(Dataset entries)

**********

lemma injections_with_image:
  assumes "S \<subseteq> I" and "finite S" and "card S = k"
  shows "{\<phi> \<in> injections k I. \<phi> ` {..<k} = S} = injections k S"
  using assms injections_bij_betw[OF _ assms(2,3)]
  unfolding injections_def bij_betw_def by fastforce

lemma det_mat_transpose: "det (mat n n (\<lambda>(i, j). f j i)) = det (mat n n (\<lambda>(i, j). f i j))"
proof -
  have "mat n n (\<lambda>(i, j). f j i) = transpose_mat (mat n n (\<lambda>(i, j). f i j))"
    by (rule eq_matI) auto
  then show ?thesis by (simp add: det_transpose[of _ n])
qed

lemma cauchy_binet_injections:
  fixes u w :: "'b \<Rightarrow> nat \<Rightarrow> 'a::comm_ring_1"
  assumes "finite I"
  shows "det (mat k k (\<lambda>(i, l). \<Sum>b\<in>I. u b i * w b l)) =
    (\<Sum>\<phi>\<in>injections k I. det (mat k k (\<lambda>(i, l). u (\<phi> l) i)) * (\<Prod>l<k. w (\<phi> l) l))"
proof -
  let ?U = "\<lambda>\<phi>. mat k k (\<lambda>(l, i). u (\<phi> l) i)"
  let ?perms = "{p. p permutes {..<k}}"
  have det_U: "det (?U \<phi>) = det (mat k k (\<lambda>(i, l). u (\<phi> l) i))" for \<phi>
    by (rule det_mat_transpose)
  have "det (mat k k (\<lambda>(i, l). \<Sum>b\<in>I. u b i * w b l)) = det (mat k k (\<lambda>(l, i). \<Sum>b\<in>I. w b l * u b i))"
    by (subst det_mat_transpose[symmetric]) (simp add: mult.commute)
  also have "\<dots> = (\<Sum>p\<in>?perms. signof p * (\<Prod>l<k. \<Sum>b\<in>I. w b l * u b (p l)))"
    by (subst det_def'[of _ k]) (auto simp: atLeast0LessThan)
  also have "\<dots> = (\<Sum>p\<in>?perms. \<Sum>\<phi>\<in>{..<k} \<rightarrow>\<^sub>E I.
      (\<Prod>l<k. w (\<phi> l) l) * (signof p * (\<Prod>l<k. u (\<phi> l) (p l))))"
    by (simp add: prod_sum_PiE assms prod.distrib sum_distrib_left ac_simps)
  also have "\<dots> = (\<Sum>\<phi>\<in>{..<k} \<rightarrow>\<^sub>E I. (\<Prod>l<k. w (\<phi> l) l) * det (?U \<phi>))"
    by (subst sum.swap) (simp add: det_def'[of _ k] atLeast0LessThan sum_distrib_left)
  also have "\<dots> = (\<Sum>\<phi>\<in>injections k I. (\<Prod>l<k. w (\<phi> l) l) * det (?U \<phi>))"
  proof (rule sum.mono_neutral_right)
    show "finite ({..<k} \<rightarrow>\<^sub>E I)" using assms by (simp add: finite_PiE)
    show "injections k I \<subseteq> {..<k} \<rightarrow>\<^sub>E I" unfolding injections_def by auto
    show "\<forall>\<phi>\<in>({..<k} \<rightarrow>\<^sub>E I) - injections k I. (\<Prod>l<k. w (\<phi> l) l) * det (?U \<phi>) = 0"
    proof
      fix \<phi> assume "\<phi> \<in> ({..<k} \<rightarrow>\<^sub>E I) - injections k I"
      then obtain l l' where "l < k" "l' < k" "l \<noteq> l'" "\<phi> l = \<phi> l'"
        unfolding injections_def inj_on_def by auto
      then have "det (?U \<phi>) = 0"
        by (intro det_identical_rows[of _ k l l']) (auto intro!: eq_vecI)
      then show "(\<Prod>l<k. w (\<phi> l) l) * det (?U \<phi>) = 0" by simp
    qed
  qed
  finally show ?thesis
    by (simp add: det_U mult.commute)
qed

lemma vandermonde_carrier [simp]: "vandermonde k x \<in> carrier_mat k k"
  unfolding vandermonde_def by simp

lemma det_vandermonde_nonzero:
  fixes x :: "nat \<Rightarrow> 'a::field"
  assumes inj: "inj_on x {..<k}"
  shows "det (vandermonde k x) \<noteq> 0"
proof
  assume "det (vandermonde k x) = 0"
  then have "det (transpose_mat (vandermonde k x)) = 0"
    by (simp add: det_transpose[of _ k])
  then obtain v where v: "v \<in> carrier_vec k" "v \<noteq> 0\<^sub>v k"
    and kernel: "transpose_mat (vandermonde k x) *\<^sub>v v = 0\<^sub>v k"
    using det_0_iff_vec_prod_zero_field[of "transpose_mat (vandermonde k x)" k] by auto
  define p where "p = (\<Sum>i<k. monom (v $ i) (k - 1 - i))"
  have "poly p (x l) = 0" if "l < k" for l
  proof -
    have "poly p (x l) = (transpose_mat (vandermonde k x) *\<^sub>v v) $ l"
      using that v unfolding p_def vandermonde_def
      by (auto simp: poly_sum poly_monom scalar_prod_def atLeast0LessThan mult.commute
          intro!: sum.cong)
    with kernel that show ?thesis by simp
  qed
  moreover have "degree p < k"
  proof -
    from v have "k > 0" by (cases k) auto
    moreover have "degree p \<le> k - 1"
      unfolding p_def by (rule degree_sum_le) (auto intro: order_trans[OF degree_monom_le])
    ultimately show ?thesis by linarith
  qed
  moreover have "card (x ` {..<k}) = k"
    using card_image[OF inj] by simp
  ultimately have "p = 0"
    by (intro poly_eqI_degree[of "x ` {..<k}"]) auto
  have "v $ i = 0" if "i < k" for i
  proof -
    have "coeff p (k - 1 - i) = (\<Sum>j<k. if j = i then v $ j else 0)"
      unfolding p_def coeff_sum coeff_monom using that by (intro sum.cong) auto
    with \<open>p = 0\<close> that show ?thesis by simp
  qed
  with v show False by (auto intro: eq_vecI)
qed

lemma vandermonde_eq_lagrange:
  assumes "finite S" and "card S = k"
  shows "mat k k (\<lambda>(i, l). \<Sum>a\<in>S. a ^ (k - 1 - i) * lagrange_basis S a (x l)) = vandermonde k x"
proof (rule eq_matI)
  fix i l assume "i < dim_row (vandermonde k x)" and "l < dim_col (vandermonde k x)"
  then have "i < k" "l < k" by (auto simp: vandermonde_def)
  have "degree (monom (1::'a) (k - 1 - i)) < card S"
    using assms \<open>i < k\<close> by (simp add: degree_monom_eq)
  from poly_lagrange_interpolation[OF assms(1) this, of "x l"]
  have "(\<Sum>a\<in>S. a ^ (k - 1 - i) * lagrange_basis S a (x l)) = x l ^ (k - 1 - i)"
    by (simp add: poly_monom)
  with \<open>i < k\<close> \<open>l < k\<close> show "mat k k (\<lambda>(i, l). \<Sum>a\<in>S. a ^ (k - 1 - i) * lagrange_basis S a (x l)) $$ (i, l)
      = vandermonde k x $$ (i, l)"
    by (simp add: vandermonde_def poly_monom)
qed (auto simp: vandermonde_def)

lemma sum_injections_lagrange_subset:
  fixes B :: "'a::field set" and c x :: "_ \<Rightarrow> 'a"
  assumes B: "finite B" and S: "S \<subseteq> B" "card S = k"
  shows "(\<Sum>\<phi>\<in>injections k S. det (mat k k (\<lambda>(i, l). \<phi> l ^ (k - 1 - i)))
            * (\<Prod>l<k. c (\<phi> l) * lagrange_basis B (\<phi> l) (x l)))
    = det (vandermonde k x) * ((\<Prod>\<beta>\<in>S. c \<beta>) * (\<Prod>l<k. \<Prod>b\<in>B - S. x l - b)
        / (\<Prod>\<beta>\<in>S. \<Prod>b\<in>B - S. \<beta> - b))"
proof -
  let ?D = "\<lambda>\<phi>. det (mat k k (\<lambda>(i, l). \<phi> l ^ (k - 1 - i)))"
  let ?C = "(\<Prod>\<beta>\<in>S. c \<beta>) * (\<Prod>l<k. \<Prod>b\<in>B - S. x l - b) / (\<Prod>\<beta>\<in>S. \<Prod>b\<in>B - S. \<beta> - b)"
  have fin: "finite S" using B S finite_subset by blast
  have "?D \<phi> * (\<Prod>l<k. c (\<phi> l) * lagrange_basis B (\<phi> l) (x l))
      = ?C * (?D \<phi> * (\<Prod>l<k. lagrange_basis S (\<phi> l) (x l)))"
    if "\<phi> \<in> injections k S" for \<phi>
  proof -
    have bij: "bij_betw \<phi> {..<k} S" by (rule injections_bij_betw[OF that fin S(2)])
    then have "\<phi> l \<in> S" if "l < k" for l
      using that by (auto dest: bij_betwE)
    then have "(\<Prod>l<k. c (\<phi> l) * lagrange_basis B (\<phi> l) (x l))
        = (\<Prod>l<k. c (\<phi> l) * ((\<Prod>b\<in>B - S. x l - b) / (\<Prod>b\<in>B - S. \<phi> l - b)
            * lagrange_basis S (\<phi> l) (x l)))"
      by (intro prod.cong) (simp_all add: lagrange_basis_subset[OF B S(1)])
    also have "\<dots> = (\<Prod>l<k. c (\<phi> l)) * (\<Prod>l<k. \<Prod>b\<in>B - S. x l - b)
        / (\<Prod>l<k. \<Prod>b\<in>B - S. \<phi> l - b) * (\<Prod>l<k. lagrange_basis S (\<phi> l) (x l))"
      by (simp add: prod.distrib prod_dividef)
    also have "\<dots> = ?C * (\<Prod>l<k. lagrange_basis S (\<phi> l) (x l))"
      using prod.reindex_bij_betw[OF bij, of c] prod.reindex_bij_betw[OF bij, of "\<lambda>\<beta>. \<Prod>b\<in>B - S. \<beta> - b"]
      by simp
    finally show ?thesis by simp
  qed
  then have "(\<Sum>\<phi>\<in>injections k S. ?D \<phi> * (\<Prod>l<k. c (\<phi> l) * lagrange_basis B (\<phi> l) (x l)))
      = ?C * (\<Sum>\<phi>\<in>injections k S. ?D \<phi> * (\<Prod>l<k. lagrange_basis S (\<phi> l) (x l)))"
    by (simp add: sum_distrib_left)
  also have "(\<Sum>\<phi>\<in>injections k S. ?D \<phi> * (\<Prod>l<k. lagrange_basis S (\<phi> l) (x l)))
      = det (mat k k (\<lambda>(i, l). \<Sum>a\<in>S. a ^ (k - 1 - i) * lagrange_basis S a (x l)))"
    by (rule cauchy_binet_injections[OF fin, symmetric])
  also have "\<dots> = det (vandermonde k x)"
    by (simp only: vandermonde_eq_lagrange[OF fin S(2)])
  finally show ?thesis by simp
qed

**********

- INSTRUCTIONS TO FOLLOW: Could you restate word for word the lines above from the one containing "unfolding p_def by" through the one containing "unfolding p_def coeff_sum", both included, and nothing else?

- COMPLETED TASK:
      unfolding p_def by (rule degree_sum_le) (auto intro: order_trans[OF degree_monom_le])
    ultimately show ?thesis by linarith
  qed
  moreover have "card (x ` {..<k}) = k"
    using card_image[OF inj] by simp
  ultimately have "p = 0"
    by (intro poly_eqI_degree[of "x ` {..<k}"]) auto
  have "v $ i = 0" if "i < k" for i
  proof -
    have "coeff p (k - 1 - i) = (\<Sum>j<k. if j = i then v $ j else 0)"
      unfolding p_def coeff_sum coeff_monom using that by (intro sum.cong) auto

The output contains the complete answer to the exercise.